Data for the task Start Marker

(* Let $\mathcal{S}=(\mathscr{X},\nabla_{\mathcal{S}})$ and $\mathcal{T}=(\mathscr{Y},\nabla_{\mathcal{T}})$ be non-commutative spacetimes and let $f:\mathcal{S}\to\mathcal{T}$ be a geometric map that has a left adjoint $f_!:\mathscr{Y}\to\mathscr{X}$ (i.e. $f_!(y)\le x$ iff $y\le f(x)$). Then $f$ is logical if and only if $f_!(f(b)\otimes\nabla_{\mathcal{T}}a)=b\otimes\nabla_{\mathcal{S}}f_!(a)$ for all $a\in\mathscr{Y}$ and $b\in\mathscr{X}$.
   Context: A monoidal poset is a poset with a monoid structure whose multiplication is monotone in each argument. A quantale is a monoidal poset with all joins whose multiplication distributes over arbitrary joins in each argument. A monotone map between monoidal posets is oplax monoidal if $f(e)\le e$ and $f(a\otimes b)\le f(a)\otimes f(b)$, and strict monoidal if $f(e)=e$ and $f(a\otimes b)=f(a)\otimes f(b)$. A non-commutative spacetime is a pair $(\mathscr{X},\nabla)$ with $\mathscr{X}$ a quantale and $\nabla:\mathscr{X}\to\mathscr{X}$ join preserving and oplax monoidal. For such $\mathcal{S}$, $\nabla$ has a right adjoint $\Box$, and the implication of $\mathcal{S}$ is $a\to_{\mathcal{S}}b=\Box(a\Rightarrow b)$, where $\Rightarrow$ is the right adjoint of $a\otimes(-)$ in $\mathscr{X}$; equivalently $a\otimes\nabla b\le c$ iff $b\le a\to_{\mathcal{S}}c$. A geometric map $f:\mathcal{S}\to\mathcal{T}$ is a join-preserving strict monoidal map $f:\mathscr{X}\to\mathscr{Y}$ with $f\nabla_{\mathcal{S}}=\nabla_{\mathcal{T}}f$; it is logical if moreover $f(a\to_{\mathcal{S}}b)=f(a)\to_{\mathcal{T}}f(b)$ for all $a,b\in\mathscr{X}$. *)

theory Defs
  imports Main
begin

definition quantale :: "('a::complete_lattice \<Rightarrow> 'a \<Rightarrow> 'a) \<Rightarrow> 'a \<Rightarrow> bool" where
  "quantale m e \<longleftrightarrow>
     (\<forall>a b c. m (m a b) c = m a (m b c)) \<and>
     (\<forall>a. m e a = a) \<and> (\<forall>a. m a e = a) \<and>
     (\<forall>a b c. b \<le> c \<longrightarrow> m a b \<le> m a c \<and> m b a \<le> m c a) \<and>
     (\<forall>a A. m a (Sup A) = Sup ((\<lambda>x. m a x) ` A)) \<and>
     (\<forall>a A. m (Sup A) a = Sup ((\<lambda>x. m x a) ` A))"

definition join_preserving :: "('a::complete_lattice \<Rightarrow> 'b::complete_lattice) \<Rightarrow> bool" where
  "join_preserving f \<longleftrightarrow> (\<forall>A. f (Sup A) = Sup (f ` A))"

definition oplax_monoidal ::
  "('a::complete_lattice \<Rightarrow> 'a \<Rightarrow> 'a) \<Rightarrow> 'a \<Rightarrow> ('b::complete_lattice \<Rightarrow> 'b \<Rightarrow> 'b) \<Rightarrow> 'b \<Rightarrow> ('a \<Rightarrow> 'b) \<Rightarrow> bool" where
  "oplax_monoidal mX eX mY eY f \<longleftrightarrow> mono f \<and> f eX \<le> eY \<and> (\<forall>a b. f (mX a b) \<le> mY (f a) (f b))"

definition strict_monoidal ::
  "('a::complete_lattice \<Rightarrow> 'a \<Rightarrow> 'a) \<Rightarrow> 'a \<Rightarrow> ('b::complete_lattice \<Rightarrow> 'b \<Rightarrow> 'b) \<Rightarrow> 'b \<Rightarrow> ('a \<Rightarrow> 'b) \<Rightarrow> bool" where
  "strict_monoidal mX eX mY eY f \<longleftrightarrow> mono f \<and> f eX = eY \<and> (\<forall>a b. f (mX a b) = mY (f a) (f b))"

definition nc_spacetime :: "('a::complete_lattice \<Rightarrow> 'a \<Rightarrow> 'a) \<Rightarrow> 'a \<Rightarrow> ('a \<Rightarrow> 'a) \<Rightarrow> bool" where
  "nc_spacetime m e n \<longleftrightarrow> quantale m e \<and> join_preserving n \<and> oplax_monoidal m e m e n"

definition box :: "('a::complete_lattice \<Rightarrow> 'a) \<Rightarrow> 'a \<Rightarrow> 'a" where
  "box n a = Sup {b. n b \<le> a}"

definition rres :: "('a::complete_lattice \<Rightarrow> 'a \<Rightarrow> 'a) \<Rightarrow> 'a \<Rightarrow> 'a \<Rightarrow> 'a" where
  "rres m a b = Sup {c. m a c \<le> b}"

definition st_imp :: "('a::complete_lattice \<Rightarrow> 'a \<Rightarrow> 'a) \<Rightarrow> ('a \<Rightarrow> 'a) \<Rightarrow> 'a \<Rightarrow> 'a \<Rightarrow> 'a" where
  "st_imp m n a b = box n (rres m a b)"

definition geometric_map ::
  "('a::complete_lattice \<Rightarrow> 'a \<Rightarrow> 'a) \<Rightarrow> 'a \<Rightarrow> ('a \<Rightarrow> 'a) \<Rightarrow>
   ('b::complete_lattice \<Rightarrow> 'b \<Rightarrow> 'b) \<Rightarrow> 'b \<Rightarrow> ('b \<Rightarrow> 'b) \<Rightarrow> ('a \<Rightarrow> 'b) \<Rightarrow> bool" where
  "geometric_map mX eX nX mY eY nY f \<longleftrightarrow>
     join_preserving f \<and> strict_monoidal mX eX mY eY f \<and> (\<forall>a. f (nX a) = nY (f a))"

definition logical_map ::
  "('a::complete_lattice \<Rightarrow> 'a \<Rightarrow> 'a) \<Rightarrow> 'a \<Rightarrow> ('a \<Rightarrow> 'a) \<Rightarrow>
   ('b::complete_lattice \<Rightarrow> 'b \<Rightarrow> 'b) \<Rightarrow> 'b \<Rightarrow> ('b \<Rightarrow> 'b) \<Rightarrow> ('a \<Rightarrow> 'b) \<Rightarrow> bool" where
  "logical_map mX eX nX mY eY nY f \<longleftrightarrow>
     geometric_map mX eX nX mY eY nY f \<and>
     (\<forall>a b. f (st_imp mX nX a b) = st_imp mY nY (f a) (f b))"

end

theory Submission
  imports Defs
begin

text \<open>
  A geometric map always satisfies \<open>f (a \<rightarrow> b) \<le> f a \<rightarrow> f b\<close> and the Frobenius-type
  inequality \<open>f\<^sub>! (f b \<otimes> \<nabla> a) \<le> b \<otimes> \<nabla> (f\<^sub>! a)\<close>. The implication is right adjoint to
  \<open>a \<otimes> \<nabla> (-)\<close> and \<open>f\<^sub>!\<close> is left adjoint to \<open>f\<close>; transposing along these adjunctions turns
  the reverse of either inequality into the reverse of the other, so one is an equality
  exactly when the other is.
\<close>

lemma join_preserving_mono:
  assumes "join_preserving g"
  shows "mono g"
proof
  fix x y :: 'a
  assume "x \<le> y"
  have "g (Sup {x, y}) = Sup (g ` {x, y})"
    using assms unfolding join_preserving_def by blast
  then have "g y = sup (g x) (g y)"
    using \<open>x \<le> y\<close> by (simp add: sup_absorb2)
  then show "g x \<le> g y"
    by (metis sup.cobounded1)
qed

lemma join_preserving_galois:
  assumes "join_preserving g"
  shows "g c \<le> b \<longleftrightarrow> c \<le> Sup {x. g x \<le> b}"
proof
  assume "c \<le> Sup {x. g x \<le> b}"
  then have "g c \<le> g (Sup {x. g x \<le> b})"
    by (rule monoD[OF join_preserving_mono[OF assms]])
  also have "\<dots> = Sup (g ` {x. g x \<le> b})"
    using assms by (simp add: join_preserving_def)
  also have "\<dots> \<le> b" by (auto intro: Sup_least)
  finally show "g c \<le> b" .
qed (auto intro: Sup_upper)

lemma quantale_join_preserving_left:
  assumes "quantale m e"
  shows "join_preserving (m a)"
  using assms by (simp add: quantale_def join_preserving_def)

lemma st_imp_galois:
  assumes "join_preserving (m a)" and "join_preserving n"
  shows "m a (n c) \<le> b \<longleftrightarrow> c \<le> st_imp m n a b"
proof -
  have "m a (n c) \<le> b \<longleftrightarrow> n c \<le> rres m a b"
    unfolding rres_def by (rule join_preserving_galois[OF assms(1)])
  also have "\<dots> \<longleftrightarrow> c \<le> st_imp m n a b"
    unfolding st_imp_def box_def by (rule join_preserving_galois[OF assms(2)])
  finally show ?thesis .
qed

lemma nc_spacetime_st_imp_galois:
  assumes "nc_spacetime m e n"
  shows "m a (n c) \<le> b \<longleftrightarrow> c \<le> st_imp m n a b"
proof (rule st_imp_galois)
  show "join_preserving (m a)"
    using assms by (auto simp: nc_spacetime_def intro: quantale_join_preserving_left)
  show "join_preserving n"
    using assms by (simp add: nc_spacetime_def)
qed

locale geometric_map_left_adjoint =
  fixes mX :: "'a::complete_lattice \<Rightarrow> 'a \<Rightarrow> 'a" and eX :: 'a and nX :: "'a \<Rightarrow> 'a"
    and mY :: "'b::complete_lattice \<Rightarrow> 'b \<Rightarrow> 'b" and eY :: 'b and nY :: "'b \<Rightarrow> 'b"
    and f :: "'a \<Rightarrow> 'b" and fl :: "'b \<Rightarrow> 'a"
  assumes spacetime_X: "nc_spacetime mX eX nX"
    and spacetime_Y: "nc_spacetime mY eY nY"
    and geometric: "geometric_map mX eX nX mY eY nY f"
    and adjoint: "fl y \<le> x \<longleftrightarrow> y \<le> f x"
begin

lemma f_mult: "f (mX a b) = mY (f a) (f b)"
  and f_nabla: "f (nX a) = nY (f a)"
  and f_mono: "mono f"
  using geometric by (auto simp: geometric_map_def strict_monoidal_def)

lemma le_f_fl: "y \<le> f (fl y)"
  using adjoint by blast

lemma imp_galois_X: "mX a (nX c) \<le> b \<longleftrightarrow> c \<le> st_imp mX nX a b"
  using spacetime_X by (rule nc_spacetime_st_imp_galois)

lemma imp_galois_Y: "mY a (nY c) \<le> b \<longleftrightarrow> c \<le> st_imp mY nY a b"
  using spacetime_Y by (rule nc_spacetime_st_imp_galois)

lemma f_st_imp_le: "f (st_imp mX nX a b) \<le> st_imp mY nY (f a) (f b)"
proof -
  have "mX a (nX (st_imp mX nX a b)) \<le> b"
    using imp_galois_X by blast
  then have "f (mX a (nX (st_imp mX nX a b))) \<le> f b"
    by (rule monoD[OF f_mono])
  then show ?thesis
    by (simp add: f_mult f_nabla imp_galois_Y)
qed

lemma fl_frobenius_le: "fl (mY (f b) (nY a)) \<le> mX b (nX (fl a))"
proof -
  have "nY a \<le> nY (f (fl a))"
    using spacetime_Y le_f_fl
    by (auto simp: nc_spacetime_def oplax_monoidal_def intro: monoD)
  then have "mY (f b) (nY a) \<le> f (mX b (nX (fl a)))"
    using spacetime_Y by (auto simp: nc_spacetime_def quantale_def f_mult f_nabla)
  then show ?thesis
    using adjoint by blast
qed

lemma fl_frobenius_if_logical:
  assumes "logical_map mX eX nX mY eY nY f"
  shows "fl (mY (f b) (nY a)) = mX b (nX (fl a))"
proof (rule antisym[OF fl_frobenius_le])
  let ?c = "fl (mY (f b) (nY a))"
  have "a \<le> st_imp mY nY (f b) (f ?c)"
    using le_f_fl imp_galois_Y by blast
  also have "\<dots> = f (st_imp mX nX b ?c)"
    using assms by (simp add: logical_map_def)
  finally have "fl a \<le> st_imp mX nX b ?c"
    using adjoint by blast
  then show "mX b (nX (fl a)) \<le> ?c"
    using imp_galois_X by blast
qed

lemma logical_if_fl_frobenius:
  assumes frobenius: "\<And>a b. fl (mY (f b) (nY a)) = mX b (nX (fl a))"
  shows "logical_map mX eX nX mY eY nY f"
proof -
  have "st_imp mY nY (f a) (f b) \<le> f (st_imp mX nX a b)" for a b
  proof -
    let ?y = "st_imp mY nY (f a) (f b)"
    have "fl (mY (f a) (nY ?y)) \<le> b"
      using imp_galois_Y adjoint by blast
    then have "fl ?y \<le> st_imp mX nX a b"
      by (simp add: frobenius imp_galois_X)
    then show ?thesis
      using adjoint by blast
  qed
  then show ?thesis
    unfolding logical_map_def using geometric f_st_imp_le by (blast intro: antisym)
qed

end

theorem theorem5p12:
  fixes mX :: "'a::complete_lattice \<Rightarrow> 'a \<Rightarrow> 'a" and eX :: 'a and nX :: "'a \<Rightarrow> 'a"
    and mY :: "'b::complete_lattice \<Rightarrow> 'b \<Rightarrow> 'b" and eY :: 'b and nY :: "'b \<Rightarrow> 'b"
    and f :: "'a \<Rightarrow> 'b" and fl :: "'b \<Rightarrow> 'a"
  assumes "nc_spacetime mX eX nX"
    and "nc_spacetime mY eY nY"
    and "geometric_map mX eX nX mY eY nY f"
    and "\<forall>x y. fl y \<le> x \<longleftrightarrow> y \<le> f x"
  shows "logical_map mX eX nX mY eY nY f \<longleftrightarrow>
         (\<forall>a b. fl (mY (f b) (nY a)) = mX b (nX (fl a)))"
proof -
  interpret geometric_map_left_adjoint mX eX nX mY eY nY f fl
    using assms by unfold_locales blast+
  show ?thesis
    using fl_frobenius_if_logical logical_if_fl_frobenius by blast
qed

end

Data for the task End Marker

Write out every line of the preceding listing that contains "antisym".

* Answer for this exercise *
proof (rule antisym[OF fl_frobenius_le])
    unfolding logical_map_def using geometric f_st_imp_le by (blast intro: antisym)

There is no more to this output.